Copy each line of the records below that mentions the word "bullet".

:: Material supplied ::

(* Let $f:\mathbb{R}^n\to(-\infty,\infty]$ and $g:\mathbb{R}^p\to(-\infty,\infty]$ be proper closed convex functions, $A\in\mathbb{R}^{m\times n}$, $B\in\mathbb{R}^{m\times p}$, $b\in\mathbb{R}^m$, $\beta>0$, $\tilde\sigma\in[0,1)$, $G\in\mathbb{S}^n_{++}$, $H\in\mathbb{S}^p_+$, and $(\tau,\theta)\in\mathcal R_{\tilde\sigma}$. Define the set-valued operator $T$ on $\mathbb{R}^n\times\mathbb{R}^p\times\mathbb{R}^m$ and the matrix $M$ by $$T(x,y,\gamma)=\begin{bmatrix}\partial f(x)-A^*\gamma\\ \partial g(y)-B^*\gamma\\ Ax+By-b\end{bmatrix},\qquad M=\begin{bmatrix}G&0&0\\0&H+\frac{(\tau-\tau\theta+\theta)\beta}{\tau+\theta}B^*B&-\frac{\tau}{\tau+\theta}B^*\\0&-\frac{\tau}{\tau+\theta}B&\frac{1}{(\tau+\theta)\beta}I\end{bmatrix}.$$ Then $T$ is maximal monotone and $M$ is symmetric positive semidefinite.
   Context: $\partial$ denotes the subdifferential of a convex function, $A^*$ the transpose, $\mathbb{S}^n_{++}$ ($\mathbb{S}^p_+$) the symmetric positive definite (semidefinite) $n\times n$ ($p\times p$) matrices. $\mathcal R_{\tilde\sigma}:=\{(\tau,\theta):\tau\in(-1,1-\tilde\sigma),\ \tau+\theta>0,\ (1-\tau^2)(2-\tau-\theta-\tilde\sigma)-(1-\theta)^2(1-\tau-\tilde\sigma)>0\}$. *)

theory Defs
  imports "HOL-Analysis.Analysis"
begin

definition proper_fun :: "('a \<Rightarrow> ereal) \<Rightarrow> bool" where
  "proper_fun f \<longleftrightarrow> (\<forall>x. f x \<noteq> -\<infinity>) \<and> (\<exists>x. f x \<noteq> \<infinity>)"

definition epigraph_e :: "('a \<Rightarrow> ereal) \<Rightarrow> ('a \<times> real) set" where
  "epigraph_e f = {(x, t). f x \<le> ereal t}"

definition convex_fun :: "('a::real_vector \<Rightarrow> ereal) \<Rightarrow> bool" where
  "convex_fun f \<longleftrightarrow> convex (epigraph_e f)"

definition closed_fun :: "('a::topological_space \<Rightarrow> ereal) \<Rightarrow> bool" where
  "closed_fun f \<longleftrightarrow> closed (epigraph_e f)"

text \<open>Subdifferential (empty outside the effective domain).\<close>
definition subdiff :: "('a::real_inner \<Rightarrow> ereal) \<Rightarrow> 'a \<Rightarrow> 'a set" where
  "subdiff f x = {v. f x \<noteq> \<infinity> \<and> (\<forall>y. f x + ereal (inner v (y - x)) \<le> f y)}"

definition monotone_op :: "('a::real_inner \<Rightarrow> 'a set) \<Rightarrow> bool" where
  "monotone_op T \<longleftrightarrow> (\<forall>x y u v. u \<in> T x \<longrightarrow> v \<in> T y \<longrightarrow> 0 \<le> inner (x - y) (u - v))"

definition maximal_monotone :: "('a::real_inner \<Rightarrow> 'a set) \<Rightarrow> bool" where
  "maximal_monotone T \<longleftrightarrow> monotone_op T \<and>
     (\<forall>S. monotone_op S \<and> (\<forall>x. T x \<subseteq> S x) \<longrightarrow> S = T)"

definition symmetric_mat :: "real^'n^'n \<Rightarrow> bool" where
  "symmetric_mat M \<longleftrightarrow> transpose M = M"

definition psd_mat :: "real^'n^'n \<Rightarrow> bool" where
  "psd_mat M \<longleftrightarrow> symmetric_mat M \<and> (\<forall>x. 0 \<le> x \<bullet> (M *v x))"

definition pd_mat :: "real^'n^'n \<Rightarrow> bool" where
  "pd_mat M \<longleftrightarrow> symmetric_mat M \<and> (\<forall>x. x \<noteq> 0 \<longrightarrow> 0 < x \<bullet> (M *v x))"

:::

* _Task solution_:
  "psd_mat M \<longleftrightarrow> symmetric_mat M \<and> (\<forall>x. 0 \<le> x \<bullet> (M *v x))"
  "pd_mat M \<longleftrightarrow> symmetric_mat M \<and> (\<forall>x. x \<noteq> 0 \<longrightarrow> 0 < x \<bullet> (M *v x))"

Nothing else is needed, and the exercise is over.